Читаем Том 22. Повесть о двух городах полностью

— Мне кажется, будь я даже осужден на смерть, — продолжал племянник, — вы и не подумали бы меня спасти.

Легкие впадинки на крыльях носа обозначились резче, в жестких чертах красивого лица зазмеилась зловещая усмешка; дядя с неподражаемым изяществом сделал протестующий жест — но эта непринужденная любезность отнюдь не внушала доверия.

— Я даже иногда думаю, не старались ли вы нарочно придать еще более подозрительный характер кой-каким не очень благоприятным для меня обстоятельствам, которые и без того могли показаться кой-кому подозрительными.

— Нет, нет, что ты! — с улыбкой отмахнулся дядюшка.

— Но так это или нет, — покосившись на него с крайним недоверием, продолжал племянник, — я знаю одно, вы во что бы то ни стало решили помешать мне, и ради этого ни перед чем не остановитесь.

— Друг мой, я тебя предупреждал, — сказал дядя, и впадинки на крыльях носа задвигались, вздрагивая. — Будь любезен, припомни, я тебе давно это говорил.

— Я помню.

— Благодарю, — сказал маркиз с необыкновенной вкрадчивостью.
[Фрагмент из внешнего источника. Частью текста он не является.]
lemma pbar_eq_hit_leaf_prob:
  assumes m_pos: "\<forall>j\<in>{1..n}. m j \<ge> 1" and x: "leaf m n x" and y: "leaf m n y" and "0 < n"
  shows "pbar m n x y = hit_leaf_prob m n y (butlast x)"
proof -
  let ?L = "{v. leaf m n v}"
  let ?S = "{v. tree_vertex m n v \<and> length v < n}"
  have x_parent: "x \<noteq> []" "butlast x \<in> ?S"
    using x \<open>0 < n\<close> by (auto simp: leaf_def tree_vertex_def nth_butlast)
  have "pbar m n x y = hitting_value m n ?L y (butlast x)"
    using x y x_parent
    by (simp add: pbar_def first_hit_prob_eq_sum_hitting_value nbrs_leaf srw_def leaf_def)
  also have "\<dots> = hit_leaf_prob m n y (butlast x)"
  proof (rule hitting_value_eq_harmonic[OF _ m_pos])
    show "finite ?S"
      by (rule finite_subset[OF _ finite_tree_vertices]) auto
    show "\<forall>v\<in>?S. nbrs m n v \<subseteq> ?S \<union> ?L"
    proof (intro ballI subsetI)
      fix v z assume "v \<in> ?S" "z \<in> nbrs m n v"
      then have "tree_vertex m n z"
        by (auto intro: tree_vertex_nbrs)
      then show "z \<in> ?S \<union> ?L"
        by (auto simp: leaf_def tree_vertex_def)
    qed
    show "\<forall>v\<in>?S. harmonic_at m n (hit_leaf_prob m n y) v"
      using y by (blast intro: harmonic_at_hit_leaf_prob)
    show "\<forall>z\<in>?L. hit_leaf_prob m n y z = of_bool (z = y)"
    proof
      fix z assume "z \<in> ?L"
      then have "length z = n" "z \<noteq> []"
        using \<open>0 < n\<close> by (auto simp: leaf_def)
      then show "hit_leaf_prob m n y z = of_bool (z = y)"
        using y by (simp add: hit_leaf_prob_leaf leaf_def)
    qed
    show "\<forall>v\<in>?S. tree_vertex m n v \<and> length v < n \<and> v \<notin> ?L"
      by (simp add: leaf_def)
  qed (use y x_parent in simp_all)
  finally show ?thesis .
qed

lemma p0_eq_climb:
  assumes alpha: "\<forall>k\<in>{1..n}. alpha m n k = climb m n k" and "1 \<le> i" "i \<le> n"
  shows "p0 m n i = (\<Prod>k\<in>{1..<Suc n - i}. climb m n k) * (1 - climb m n (Suc n - i))"
proof -
  have "(\<Prod>k\<in>{1..<Suc n - i}. alpha m n k) = (\<Prod>k\<in>{1..<Suc n - i}. climb m n k)"
    using alpha assms by (intro prod.cong) auto
  moreover have "alpha m n (Suc n - i) = climb m n (Suc n - i)"
    using assms by (intro alpha[rule_format]) auto
  moreover have "{1..n - i} = {1..<Suc n - i}" "n - i + 1 = Suc n - i"
    using assms by auto
  ultimately show ?thesis
    using assms by (simp add: p0_def)
qed

lemma prod_nth_eq_indicator:
  fixes x y :: "nat list"
  shows "r \<le> length x \<Longrightarrow> r \<le> length y \<Longrightarrow>
    (\<Prod>j\<in>{1..<Suc r}. if x ! (j - 1) = y ! (j - 1) then 1 else 0 :: real) =
      of_bool (take r x = take r y)"
proof (induction r)
  case (Suc r)
  then have "take (Suc r) x = take (Suc r) y \<longleftrightarrow> take r x = take r y \<and> x ! r = y ! r"
    by (simp add: take_Suc_conv_app_nth)
  with Suc show ?case
    by (simp add: prod.atLeastLessThan_Suc)
qed simp

lemma pnest_eq_hit_leaf_prob:
  assumes alpha: "\<forall>k\<in>{1..n}. alpha m n k = climb m n k" and "length x = n" "length y = n" "0 < n"
  shows "pnest m n x y = hit_leaf_prob m n y (butlast x)"
proof -
  obtain n' where n: "n = Suc n'"
    using \<open>0 < n\<close> by (cases n) auto
  have "p0 m n (Suc r) * (\<Prod>j\<in>{1..<Suc r}. if x ! (j - 1) = y ! (j - 1) then 1 else 0) =
      climb_to m n (n - r) (butlast x) * (1 - climb m n (n - r)) *
        of_bool (take r (butlast x) = take r y)"
    if "r \<le> n'" for r
  proof -
    have "p0 m n (Suc r) = (\<Prod>k\<in>{1..<n - r}. climb m n k) * (1 - climb m n (n - r))"
      using p0_eq_climb[OF alpha, of "Suc r"] that n by simp
    moreover have "climb_to m n (n - r) (butlast x) = (\<Prod>k\<in>{1..<n - r}. climb m n k)"
      using assms n by (simp add: climb_to_def)
    moreover have "take r (butlast x) = take r x"
      using that assms n by (simp add: take_butlast)
    moreover have "(\<Prod>j\<in>{1..<Suc r}. if x ! (j - 1) = y ! (j - 1) then 1 else 0 :: real) =
        of_bool (take r x = take r y)"
      using that assms n by (intro prod_nth_eq_indicator) auto
    ultimately show ?thesis
      using n by simp
  qed
  then have "(\<Sum>r\<le>n'. p0 m n (Suc r) *
      (\<Prod>j\<in>{1..<Suc r}. if x ! (j - 1) = y ! (j - 1) then 1 else 0) / (\<Prod>j\<in>{Suc r..n}. real (m j))) =
      hit_leaf_prob m n y (butlast x)"
    using assms n by (simp add: hit_leaf_prob_def)
  moreover have "{1..n} = Suc ` {..n'}"
    using n by (simp add: atLeast0AtMost[symmetric] image_Suc_atLeastAtMost)
  ultimately show ?thesis
    by (simp add: pnest_def sum.reindex)
qed

theorem proposition6p4:
  fixes m :: "nat \<Rightarrow> nat" and n :: nat
  assumes "n \<ge> 2"
    and "\<forall>j\<in>{1..n}. m j \<ge> 1"
    and "leaf m n x" and "leaf m n y"
  shows "pnest m n x y = pbar m n x y"
proof -
  have "alpha m n k = climb m n k" if "k \<in> {1..n}" for k
    using that alpha_eq_climb[OF assms(2)] by (cases "k = n") (auto simp: alpha_def)
  then have "pnest m n x y = hit_leaf_prob m n y (butlast x)"
    using assms by (intro pnest_eq_hit_leaf_prob) (auto simp: leaf_def)
  also have "\<dots> = pbar m n x y"
    using assms by (intro pbar_eq_hit_leaf_prob[symmetric]) auto
  finally show ?thesis .
qed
Голос его, словно мягкий музыкальный звук, прозвучал и замер.

— Нет, правда, сударь, — продолжал племянник, — я думаю, я только потому не угодил в тюрьму здесь, во Франции, что судьба на этот раз оказалась милостивее ко мне, а не к вам.

— Не совсем понимаю тебя, — возразил дядя, отхлебывая кофе маленькими глотками. — Может быть, ты будешь так добр и пояснишь мне, что ты имеешь в виду?

— Если бы вы сейчас не были в немилости при дворе — а это длится уже несколько лет, меня бы давно упрятали в крепость секретным королевским приказом.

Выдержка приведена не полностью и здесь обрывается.